◆ Problem description ◆
Write out every line below that includes the word "left".

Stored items
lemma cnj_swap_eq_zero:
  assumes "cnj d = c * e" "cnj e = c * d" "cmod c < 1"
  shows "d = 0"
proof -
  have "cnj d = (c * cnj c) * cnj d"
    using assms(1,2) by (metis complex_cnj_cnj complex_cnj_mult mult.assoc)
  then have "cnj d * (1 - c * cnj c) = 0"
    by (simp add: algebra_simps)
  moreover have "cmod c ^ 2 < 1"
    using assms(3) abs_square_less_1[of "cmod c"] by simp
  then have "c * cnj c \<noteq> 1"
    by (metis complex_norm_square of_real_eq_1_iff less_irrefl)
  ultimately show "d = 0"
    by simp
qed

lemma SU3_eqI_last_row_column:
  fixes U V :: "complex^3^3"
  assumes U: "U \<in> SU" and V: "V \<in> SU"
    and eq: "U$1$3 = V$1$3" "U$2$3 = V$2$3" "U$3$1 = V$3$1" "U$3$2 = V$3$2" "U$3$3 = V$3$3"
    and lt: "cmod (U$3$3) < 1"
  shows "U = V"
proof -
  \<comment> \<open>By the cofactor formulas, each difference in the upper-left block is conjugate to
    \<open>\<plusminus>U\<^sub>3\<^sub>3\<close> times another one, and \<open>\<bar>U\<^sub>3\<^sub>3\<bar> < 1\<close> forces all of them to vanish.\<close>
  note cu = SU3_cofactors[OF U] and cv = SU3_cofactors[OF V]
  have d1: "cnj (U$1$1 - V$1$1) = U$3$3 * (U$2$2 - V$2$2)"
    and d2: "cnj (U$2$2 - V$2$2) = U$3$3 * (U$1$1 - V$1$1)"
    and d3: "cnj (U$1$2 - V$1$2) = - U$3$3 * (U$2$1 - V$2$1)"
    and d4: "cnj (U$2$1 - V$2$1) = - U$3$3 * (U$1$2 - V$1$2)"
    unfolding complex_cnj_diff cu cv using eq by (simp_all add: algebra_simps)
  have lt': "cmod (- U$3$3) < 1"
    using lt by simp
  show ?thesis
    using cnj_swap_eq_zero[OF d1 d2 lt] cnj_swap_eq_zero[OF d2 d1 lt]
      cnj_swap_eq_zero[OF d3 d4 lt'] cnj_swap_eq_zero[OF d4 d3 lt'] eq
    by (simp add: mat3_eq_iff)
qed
* * *
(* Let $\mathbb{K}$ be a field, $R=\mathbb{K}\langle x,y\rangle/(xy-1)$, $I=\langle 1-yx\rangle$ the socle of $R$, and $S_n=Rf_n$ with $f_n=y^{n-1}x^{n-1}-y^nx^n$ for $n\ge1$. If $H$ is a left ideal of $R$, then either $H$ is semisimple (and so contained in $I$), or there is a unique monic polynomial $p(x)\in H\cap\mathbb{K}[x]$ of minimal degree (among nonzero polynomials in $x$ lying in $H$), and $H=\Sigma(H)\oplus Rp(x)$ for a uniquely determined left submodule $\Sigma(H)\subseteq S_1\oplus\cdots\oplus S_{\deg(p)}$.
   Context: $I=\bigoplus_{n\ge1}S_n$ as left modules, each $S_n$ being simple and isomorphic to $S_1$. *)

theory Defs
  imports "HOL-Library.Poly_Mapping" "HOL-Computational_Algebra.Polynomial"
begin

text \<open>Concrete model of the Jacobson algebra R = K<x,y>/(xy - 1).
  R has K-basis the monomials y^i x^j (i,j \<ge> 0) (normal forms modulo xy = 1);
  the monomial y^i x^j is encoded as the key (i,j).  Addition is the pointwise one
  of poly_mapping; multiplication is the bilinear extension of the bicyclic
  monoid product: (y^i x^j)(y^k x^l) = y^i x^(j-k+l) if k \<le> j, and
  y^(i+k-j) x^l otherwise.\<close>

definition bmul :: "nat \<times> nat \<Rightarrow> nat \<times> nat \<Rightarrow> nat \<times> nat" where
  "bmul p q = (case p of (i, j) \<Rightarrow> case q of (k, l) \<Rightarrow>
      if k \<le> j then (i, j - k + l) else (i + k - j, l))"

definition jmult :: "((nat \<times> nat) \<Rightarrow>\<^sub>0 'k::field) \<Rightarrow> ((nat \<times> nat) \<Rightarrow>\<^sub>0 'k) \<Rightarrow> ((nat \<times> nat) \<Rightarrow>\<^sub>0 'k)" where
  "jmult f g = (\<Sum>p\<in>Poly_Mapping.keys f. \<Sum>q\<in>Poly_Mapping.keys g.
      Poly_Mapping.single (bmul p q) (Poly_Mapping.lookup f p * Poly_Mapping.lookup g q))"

◆ Solution for this task ◆
  \<comment> \<open>By the cofactor formulas, each difference in the upper-left block is conjugate to
(* Let $\mathbb{K}$ be a field, $R=\mathbb{K}\langle x,y\rangle/(xy-1)$, $I=\langle 1-yx\rangle$ the socle of $R$, and $S_n=Rf_n$ with $f_n=y^{n-1}x^{n-1}-y^nx^n$ for $n\ge1$. If $H$ is a left ideal of $R$, then either $H$ is semisimple (and so contained in $I$), or there is a unique monic polynomial $p(x)\in H\cap\mathbb{K}[x]$ of minimal degree (among nonzero polynomials in $x$ lying in $H$), and $H=\Sigma(H)\oplus Rp(x)$ for a uniquely determined left submodule $\Sigma(H)\subseteq S_1\oplus\cdots\oplus S_{\deg(p)}$.
   Context: $I=\bigoplus_{n\ge1}S_n$ as left modules, each $S_n$ being simple and isomorphic to $S_1$. *)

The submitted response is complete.